section \<open>Removing the largest entry\<close>

definition is_corner :: "nat list \<Rightarrow> nat \<times> nat \<Rightarrow> bool" where
  "is_corner lam c \<longleftrightarrow> c \<in> young_diagram lam
     \<and> (fst c, snd c + 1) \<notin> young_diagram lam \<and> (fst c + 1, snd c) \<notin> young_diagram lam"

lemma SYT_max_is_corner:
  assumes T: "T \<in> SYT lam" and pos: "0 < sum_list lam" and max: "T c = sum_list lam"
  shows "is_corner lam c"
proof -
  obtain i j where c: "c = (i, j)" by fastforce
  have in_lam: "c \<in> young_diagram lam"
    using SYT_outside[OF T] pos max by fastforce
  have "T (i, j + 1) \<le> T c" "T (i + 1, j) \<le> T c"
    using SYT_le_size[OF T] max by auto
  then show ?thesis
    using in_lam SYT_row_less[OF T] SYT_col_less[OF T] unfolding is_corner_def c by force
qed

lemma SYT_max_exists:
  assumes "T \<in> SYT lam" and "0 < sum_list lam"
  obtains c where "c \<in> young_diagram lam" "T c = sum_list lam"
  using bij_betw_imp_surj_on[OF SYT_bij_betw[OF assms(1)]] assms(2)
  by (metis atLeastAtMost_iff imageE less_one linorder_not_le order_refl)

lemma bij_betw_insert_max_iff:
  assumes "Y = insert c Y'" "c \<notin> Y'" "N = Suc M" "T c = N"
  shows "bij_betw T Y {1..N} \<longleftrightarrow> bij_betw (T(c := 0)) Y' {1..M}"
proof -
  have "bij_betw T Y {1..N} \<longleftrightarrow> bij_betw T (Y' \<union> {c}) ({1..M} \<union> {T c})"
    using assms by (simp add: atLeastAtMostSuc_conv)
  also have "\<dots> \<longleftrightarrow> bij_betw T Y' {1..M}"
    by (rule notIn_Un_bij_betw3[symmetric]) (use assms in auto)
  also have "\<dots> \<longleftrightarrow> bij_betw (T(c := 0)) Y' {1..M}"
    using assms(2) by (intro bij_betw_cong) auto
  finally show ?thesis .
qed
(* Let A be the real matrix extending the virtual endomorphism phi of Z^n and write
   t(m) for the sum of the absolute values of the entries of A^m.  The proof compares
   the inner coefficient of phi^m with t(m) up to constants independent of m, and then
   takes m-th roots.
   1. Matrix facts: rho(A)^m <= t(m) for the spectral radius rho(A) (an eigenvector
      argument), t(m) = O(r^m) for every r > rho(A) (Jordan normal form bounds), and
      A^m maps the all-ones vector to a vector of l1-norm t(m) when A >= 0.
   2. Word length: on Z^n the word length is bi-Lipschitz equivalent to the l1-norm.
   3. Iterates: on its natural domain phi^m agrees with A^m, and this domain contains
      c Z^n for some c > 0, because a finite-index subgroup contains N Z^n.
   4. Consequently alpha t(m) <= inner coefficient <= beta t(m): the upper bound holds
      for every g, the lower bound is attained along multiples of the all-ones vector
      (this is where nonnegativity of A is used).
   5. A root test: a sequence squeezed between a rho^m and K r^m (all r > rho) has
      limsup of m-th roots equal to rho. *)

section \<open>Powers of matrices and the spectral radius\<close>

lemma pow_mat_Suc_left:
  assumes "(A::'a::semiring_1 mat) \<in> carrier_mat n n"
  shows "A ^\<^sub>m (Suc m) = A * A ^\<^sub>m m"
proof (induct m)
  case 0 then show ?case using assms by simp
next
  case (Suc m)
  have "A ^\<^sub>m Suc (Suc m) = (A * A ^\<^sub>m m) * A" using Suc by simp
  also have "\<dots> = A * (A ^\<^sub>m m * A)" using assms by (simp add: assoc_mult_mat[of _ n n _ n _ n])
  finally show ?case by simp
qed
(* Let $F$ be a field of characteristic $0$ and $G$ a group. The following are equivalent: (1) the group ring $F[G]$ is right $\aleph_0$-self-injective; (2) $G$ is finite; (3) $F[G]$ is right self-injective.
   Context: A ring $S$ is right $\aleph_0$-self-injective if every $S$-homomorphism from a countably generated right ideal of $S$ into $S_S$ extends to an $S$-homomorphism $S\to S$. *)

theory Defs
  imports "HOL-Library.Poly_Mapping" "HOL-Library.Countable_Set"
begin

text \<open>Group ring F[G]: finitely supported functions G \<Rightarrow> F with convolution
  product, i.e. the library type of finitely supported maps (poly_mapping) where 'g is a (not necessarily
  commutative) group written additively (class group_add).\<close>

definition right_ideal :: "'r::ring_1 set \<Rightarrow> bool" where
  "right_ideal I \<longleftrightarrow> 0 \<in> I \<and> (\<forall>x\<in>I. \<forall>y\<in>I. x + y \<in> I) \<and> (\<forall>x\<in>I. \<forall>s. x * s \<in> I)"

definition right_hom :: "'r::ring_1 set \<Rightarrow> ('r \<Rightarrow> 'r) \<Rightarrow> bool" where
  "right_hom I \<phi> \<longleftrightarrow> (\<forall>x\<in>I. \<forall>y\<in>I. \<phi> (x + y) = \<phi> x + \<phi> y) \<and> (\<forall>x\<in>I. \<forall>s. \<phi> (x * s) = \<phi> x * s)"

definition countably_generated_right_ideal :: "'r::ring_1 set \<Rightarrow> bool" where
  "countably_generated_right_ideal I \<longleftrightarrow>
     right_ideal I \<and> (\<exists>X. countable X \<and> I = \<Inter>{J. right_ideal J \<and> X \<subseteq> J})"

definition right_self_injective :: "'r::ring_1 itself \<Rightarrow> bool" where
  "right_self_injective _ \<longleftrightarrow>
     (\<forall>(I::'r set) \<phi>. right_ideal I \<and> right_hom I \<phi> \<longrightarrow>
        (\<exists>\<psi>. right_hom UNIV \<psi> \<and> (\<forall>x\<in>I. \<psi> x = \<phi> x)))"

definition right_aleph0_self_injective :: "'r::ring_1 itself \<Rightarrow> bool" where
  "right_aleph0_self_injective _ \<longleftrightarrow>
     (\<forall>(I::'r set) \<phi>. countably_generated_right_ideal I \<and> right_hom I \<phi> \<longrightarrow>
        (\<exists>\<psi>. right_hom UNIV \<psi> \<and> (\<forall>x\<in>I. \<psi> x = \<phi> x)))"

end

theory Submission
  imports Defs "HOL.Vector_Spaces"
begin

text \<open>If \<open>G\<close> is finite, Maschke's averaging turns an \<open>F\<close>-linear projection of \<open>F[G]\<close> onto a right
  ideal \<open>I\<close> into an \<open>F[G]\<close>-linear one, so \<open>I\<close> has a left identity \<open>e \<in> I\<close> and every homomorphism
  on \<open>I\<close> is left multiplication by \<open>\<phi> e\<close>.

  Conversely, let \<open>F[G]\<close> be right \<open>\<aleph>\<^sub>0\<close>-self-injective. For finite \<open>S \<subseteq> G\<close> the invariants
  \<open>{y. \<forall>s\<in>S. s y = y}\<close> are either 0 or generated by the averaging idempotent of their (finite)
  stabilizer. Since homomorphisms on principal right ideals extend, induction on \<open>S\<close> shows that
  whatever annihilates these invariants has augmentation 0; so they are never 0, and every finite
  subset of \<open>G\<close> lies in a finite subgroup. If \<open>G\<close> were infinite, it would contain a strictly
  increasing chain of finite subgroups \<open>K n\<close>, and the differences of their averaging idempotents
  are orthogonal idempotents \<open>f n\<close>. Self-injectivity provides \<open>c\<close> with \<open>c f n = f n\<close> for even and
  \<open>c f n = 0\<close> for odd \<open>n\<close>, but the coefficient of 0 in \<open>c f n\<close> is eventually a fixed multiple of
  that in \<open>f n\<close>.\<close>

section \<open>Group rings\<close>

abbreviation of_group :: "'g::group_add \<Rightarrow> 'g \<Rightarrow>\<^sub>0 'a::comm_ring_1" where
  "of_group g \<equiv> Poly_Mapping.single g 1"

abbreviation scalar :: "'a::comm_ring_1 \<Rightarrow> 'g::group_add \<Rightarrow>\<^sub>0 'a" where
  "scalar a \<equiv> Poly_Mapping.single 0 a"

lemma lookup_single_mult:
  fixes x :: "'g::group_add \<Rightarrow>\<^sub>0 'a::comm_ring_1"
  shows "Poly_Mapping.lookup (Poly_Mapping.single h a * x) k = a * Poly_Mapping.lookup x (-h + k)"
proof -
  have "Poly_Mapping.lookup (Poly_Mapping.single h a * x) k
      = a * (\<Sum>q. Poly_Mapping.lookup x q when k = h + q)"
    unfolding lookup_mult lookup_single by (simp add: when_mult)
  also have "(\<Sum>q. Poly_Mapping.lookup x q when k = h + q) = (\<Sum>q. Poly_Mapping.lookup x q when q = -h + k)"
    by (rule Sum_any.cong) (auto simp: when_def add.assoc[symmetric])
  finally show ?thesis by simp
qed

lemma lookup_mult_single:
  fixes x :: "'g::group_add \<Rightarrow>\<^sub>0 'a::comm_ring_1"
  shows "Poly_Mapping.lookup (x * Poly_Mapping.single h a) k = Poly_Mapping.lookup x (k - h) * a"
proof -
  have inner: "(\<Sum>q. (a when h = q) when k = l + q) = (a when k = l + h)" for l
  proof -
    have "(\<Sum>q. (a when h = q) when k = l + q) = (\<Sum>q. (a when k = l + h) when h = q)"
      by (rule Sum_any.cong) (auto simp: when_def)
    then show ?thesis by simp
  qed
  have "Poly_Mapping.lookup (x * Poly_Mapping.single h a) k
      = (\<Sum>l. Poly_Mapping.lookup x l * a when l = k - h)"
    unfolding lookup_mult lookup_single inner
    by (rule Sum_any.cong) (auto simp: when_def eq_diff_eq)
  then show ?thesis by simp
qed

lemma scalar_commute:
  fixes x :: "'g::group_add \<Rightarrow>\<^sub>0 'a::comm_ring_1"
  shows "scalar a * x = x * scalar a"
  by (rule poly_mapping_eqI) (simp add: lookup_single_mult lookup_mult_single mult.commute)

lemma sum_single_lookup:
  fixes x :: "'g::group_add \<Rightarrow>\<^sub>0 'a::comm_ring_1"
  shows "(\<Sum>g\<in>Poly_Mapping.keys x. Poly_Mapping.single g (Poly_Mapping.lookup x g)) = x"
proof (rule poly_mapping_eqI)
  fix k
  show "Poly_Mapping.lookup (\<Sum>g\<in>Poly_Mapping.keys x. Poly_Mapping.single g (Poly_Mapping.lookup x g)) k
      = Poly_Mapping.lookup x k"
    by (cases "k \<in> Poly_Mapping.keys x") (auto simp: lookup_sum lookup_single when_def in_keys_iff)
qed

lemma of_group_mult_of_group: "of_group g * of_group h = (of_group (g + h) :: 'g::group_add \<Rightarrow>\<^sub>0 'a::comm_ring_1)"
  by (simp add: mult_single)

**AIM OF THE TASK:** Copy the lines above exactly, beginning at the line that has "product, i.e. the" and stopping after the line that has "I \<phi> \<longleftrightarrow>", and omit the rest.

**TASK OUTPUT:**
  product, i.e. the library type of finitely supported maps (poly_mapping) where 'g is a (not necessarily
  commutative) group written additively (class group_add).\<close>

definition right_ideal :: "'r::ring_1 set \<Rightarrow> bool" where
  "right_ideal I \<longleftrightarrow> 0 \<in> I \<and> (\<forall>x\<in>I. \<forall>y\<in>I. x + y \<in> I) \<and> (\<forall>x\<in>I. \<forall>s. x * s \<in> I)"

definition right_hom :: "'r::ring_1 set \<Rightarrow> ('r \<Rightarrow> 'r) \<Rightarrow> bool" where
  "right_hom I \<phi> \<longleftrightarrow> (\<forall>x\<in>I. \<forall>y\<in>I. \<phi> (x + y) = \<phi> x + \<phi> y) \<and> (\<forall>x\<in>I. \<forall>s. \<phi> (x * s) = \<phi> x * s)"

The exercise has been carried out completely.